Several years ago my wife, two children and I traveled from our home in Lynchburg, Virginia to visit with our parents and other family members in Cleveland, Ohio. I reminisced with aunts, uncles, and cousins I had not seen for years. One moonlit evening, my cousin Joe and I recalled the old days around a campfire in the back yard.
“Hey Josh, remember when you were drafted?” He asked, poking an ember with a stick.
I chuckled, lean forward in my wicker chair, and said. “Yeah, how could I ever forget? It was a weird time. Back then, the Vietnam War was in full swing. Young men received draft notices everyday.”
“But not ten-year-old boys.” Joe snickered. “How did it all begin?”
“A few days after my tenth birthday in July 1968, I retrieved several envelopes from the mailbox. I kept the one on top addressed to me and tossed the other letters on the kitchen table. I thought it might be another birthday card with money inside.
“As I sat on my bed, I tore through the large envelope and unfolded the heavy paper. A page full of words met my eager eyes. I saw the word “Greetings” but decided it was probably one of those advertisements like Dad and Mom often received. I folded the thick sheet into an airplane and tossed it in the air. The missive landed in the corner of my room where it stayed for weeks.
“One month later, my mother answered the doorbell. Two military police said they were there to escort me to jail because I had failed to report for active duty. They left when Mom told them that the person they were looking for was on vacation in England.
“Dad immediately called the Draft Board and explained the situation. An official instructed him to bring my birth certificate and me to the office the next day.”
“Didn’t you tell your parents about the letter?” Joe asked taking a swig of cola.
“No, I didn’t read the letter, remember?”
“The next day Dad and I met with a Sergeant. He reviewed the letter, looked at my birth certificate, and, of course, agreed something was wrong. Dad reminded him that Uncle Fred had lived with us until a few weeks ago. We had the same name and birth date, except for the year. He must be the person the army wanted.

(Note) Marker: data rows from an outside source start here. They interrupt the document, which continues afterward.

(* Let $H\in\mathbb{N}$, let $\{\mathcal{F}_h^k\}_{k\in\mathbb{N},h\in[H]}$ be a filtration that is increasing in the lexicographic order of $(k,h)$ (i.e. $\mathcal{F}_1^1\subseteq\mathcal{F}_2^1\subseteq\dots\subseteq\mathcal{F}_H^1\subseteq\mathcal{F}_1^2\subseteq\cdots$), and let $\{X_h^k\}$ be non-negative random variables with $X_h^k$ being $\mathcal{F}_h^k$-measurable. Let $c>0$ be a constant, and define recursively $J_{H+1}^k:=0$ and $J_h^k:=\big(X_h^k+\mathbb{E}[J_{h+1}^k\mid\mathcal{F}_h^k]\big)\wedge c$ for all $k\in\mathbb{N}$, $h\in[H]$. Then for any $\delta\in(0,1]$, with probability at least $1-\delta$, simultaneously for all $K\in\mathbb{N}$, $$\sum_{k=1}^KJ_1^k\le2\sum_{k=1}^K\sum_{h=1}^HX_h^k+6c\log\frac2\delta.$$ *)

theory Defs
  imports "HOL-Probability.Probability"
begin

(* J M F X c H k h  =  J_h^k :  J_h^k = 0 for h > H (in particular J_{H+1}^k = 0),
   and J_h^k = min (X_h^k + E[J_{h+1}^k | F_h^k]) c  for h <= H.
   Indices: F k h = F_h^k, X k h = X_h^k. *)
function Jfun :: "'a measure \<Rightarrow> (nat \<Rightarrow> nat \<Rightarrow> 'a measure) \<Rightarrow> (nat \<Rightarrow> nat \<Rightarrow> 'a \<Rightarrow> real)
    \<Rightarrow> real \<Rightarrow> nat \<Rightarrow> nat \<Rightarrow> nat \<Rightarrow> 'a \<Rightarrow> real" where
  "Jfun M F X c H k h =
     (if H < h then (\<lambda>_. 0)
      else (\<lambda>\<omega>. min (X k h \<omega> + real_cond_exp M (F k h) (Jfun M F X c H k (Suc h)) \<omega>) c))"
  by auto
termination
  by (relation "Wellfounded.measure (\<lambda>(M, F, X, c, H, k, h). Suc H - h)") auto

end

theory Submission
  imports Defs
begin

(* Let Z_h^k = exp (-(X_h^k + ... + X_H^k) / c) (tail_weight). Backward induction over h,
   using exp (-x) * (1 - e/2) <= 1 - min (x + e) 1 / 2, shows E[Z_h^k | F_h^k] <= 1 - J_h^k / (2c).
   As exp t * (1 - t) <= 1, the factors D_k = exp (J_1^k / (2c)) * Z_1^k (episode_factor) have
   conditional mean at most 1 given F_1^k, so their partial products form a nonnegative
   supermartingale started at 1. By Ville's inequality (Markov's inequality for the product stopped
   when it first reaches 1/delta), with probability at least 1 - delta all partial products stay
   below 1/delta; taking logarithms gives sum J_1^k <= 2 sum X_h^k + 2c log (1/delta) for all K at
   once, which is stronger than the claimed bound. *)

lemma exp_mult_one_minus_le_one: "exp t * (1 - t) \<le> (1::real)"
proof -
  have "exp t * (1 - t) \<le> exp t * exp (-t)"
    using exp_ge_add_one_self[of "-t"] by (intro mult_left_mono) auto
  then show ?thesis by (simp add: exp_minus)
qed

The Sergeant agreed but he felt he needed to investigate the matter further.
“Dad and I returned home where we met Mom at the front door. She had found the airplane I made out of the draft letter while cleaning my room. Why had I not shown her and Dad this important document? My explanation was not satisfactory.”
“What happened then?” Joe asked, emptying his cola can.

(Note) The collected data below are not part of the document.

lemma dirderiv_commute_real:
  fixes f :: "'a::euclidean_space \<Rightarrow> real"
  assumes f: "smooth_on S f" and x: "x \<in> S"
  shows "dirderiv (\<lambda>q. dirderiv f q v) x w = dirderiv (\<lambda>q. dirderiv f q w) x v"
proof (rule ccontr)
  define A where "A = (\<lambda>q. dirderiv (\<lambda>q. dirderiv f q v) q w)"
  define B where "B = (\<lambda>q. dirderiv (\<lambda>q. dirderiv f q w) q v)"
  assume "\<not> ?thesis"
  then have e: "\<bar>A x - B x\<bar> / 2 > 0" unfolding A_def B_def by simp
  have S: "open S" using smooth_on_imp_open[OF f] .
  have "\<forall>\<^sub>F y in nhds x. y \<in> S \<and> dist (A y) (A x) < \<bar>A x - B x\<bar> / 2 \<and> dist (B y) (B x) < \<bar>A x - B x\<bar> / 2"
    using continuous_on_eventually_near[OF _ S x e, of A] continuous_on_eventually_near[OF _ S x e, of B]
      smooth_on_imp_continuous_on[OF smooth_on_dirderiv[OF smooth_on_dirderiv[OF f]]]
    unfolding A_def B_def by (auto elim: eventually_elim2)
  then obtain r where r: "r > 0" "\<And>y. dist y x < r \<Longrightarrow>
      y \<in> S \<and> dist (A y) (A x) < \<bar>A x - B x\<bar> / 2 \<and> dist (B y) (B x) < \<bar>A x - B x\<bar> / 2"
    unfolding eventually_nhds_metric by blast
  define h where "h = r / (2 * (norm v + norm w + 1))"
  have nvw: "norm v + norm w + 1 > 0" by (simp add: add_nonneg_pos)
  have h: "h > 0" "h * (norm v + norm w) < r"
  proof -
    show "h > 0" using r(1) nvw by (simp add: h_def)
    have "h * (norm v + norm w) < h * (norm v + norm w + 1)" using \<open>h > 0\<close> by simp
    also have "\<dots> = r / 2" using nvw by (simp add: h_def field_simps)
    finally show "h * (norm v + norm w) < r" using r(1) by simp
  qed
  have near: "dist (x + \<sigma> *\<^sub>R a + \<tau> *\<^sub>R c) x < r"
    if "0 \<le> \<sigma>" "\<sigma> \<le> h" "0 \<le> \<tau>" "\<tau> \<le> h" "norm a + norm c = norm v + norm w" for \<sigma> \<tau> a c
    using norm_scaleR_add_le[OF that(1-4), of a c] that(5) h(2) by (simp add: dist_norm add.assoc)
  obtain \<sigma>1 \<tau>1 where 1: "0 < \<sigma>1" "\<sigma>1 < h" "0 < \<tau>1" "\<tau>1 < h"
    "f (x + h *\<^sub>R v + h *\<^sub>R w) - f (x + h *\<^sub>R v) - f (x + h *\<^sub>R w) + f x = h * h * A (x + \<sigma>1 *\<^sub>R v + \<tau>1 *\<^sub>R w)"
    using second_difference_mvt[OF f h(1), of x v w] near r(2) unfolding A_def by fastforce
  obtain \<sigma>2 \<tau>2 where 2: "0 < \<sigma>2" "\<sigma>2 < h" "0 < \<tau>2" "\<tau>2 < h"
    "f (x + h *\<^sub>R w + h *\<^sub>R v) - f (x + h *\<^sub>R w) - f (x + h *\<^sub>R v) + f x = h * h * B (x + \<sigma>2 *\<^sub>R w + \<tau>2 *\<^sub>R v)"
    using second_difference_mvt[OF f h(1), of x w v] near r(2) unfolding B_def by (fastforce simp: add.commute)
  have "A (x + \<sigma>1 *\<^sub>R v + \<tau>1 *\<^sub>R w) = B (x + \<sigma>2 *\<^sub>R w + \<tau>2 *\<^sub>R v)"
    using 1(5) 2(5) h(1) by (simp add: algebra_simps)
  moreover have "dist (A (x + \<sigma>1 *\<^sub>R v + \<tau>1 *\<^sub>R w)) (A x) < \<bar>A x - B x\<bar> / 2"
    using r(2) near[of \<sigma>1 \<tau>1 v w] 1 by auto
  moreover have "dist (B (x + \<sigma>2 *\<^sub>R w + \<tau>2 *\<^sub>R v)) (B x) < \<bar>A x - B x\<bar> / 2"
    using r(2) near[of \<sigma>2 \<tau>2 w v] 2 by (auto simp: add.commute)
  ultimately show False unfolding dist_real_def by (simp add: abs_if split: if_splits)
qed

“Uncle Fred came home from Europe at the end of the week. Dad reminded him to contact the Draft Board. The Sergeant called Dad two days later and said he had obtained the original letter from Richmond.
“The typist had correctly typed Uncle Fred’s birth year as 1948 but when he had put the letter back in the typewriter to enter the missing date, a paper crease hid the birth date. He erroneously typed 1958 over the crease, copied the original, and mailed a copy to me. The Sergeant called it a wrinkle in time. He apologized for the error.
“Uncle Fred was chewed out for not reporting his new address to the Board. He was warned that if he did not appear at the Federal Building at the assigned time, two soldiers would be sent to his home to arrest him. Uncle Fred served a year in Viet Nam and one year in Germany.”
“Wow, what a funny story.” Joe said as he stood and stretched his arms over his head.
“Yeah, I can laugh now, but it sure wasn’t funny at the time. I was grounded for a month.”
Before we left, I poured a bucket of sand over the dying embers. “It was good to see you again, Cousin. Hope you come to Virginia some time and visit us."
“I”ll do that.” Joe said as we patted each other’s shoulders.
A full moon hung low in the sky as we said our final goodbyes. I watched Joe’s car crawl down the long, country driveway before it disappeared. I sauntered up the wooden steps to the porch, went indoors, and turned out the porch light.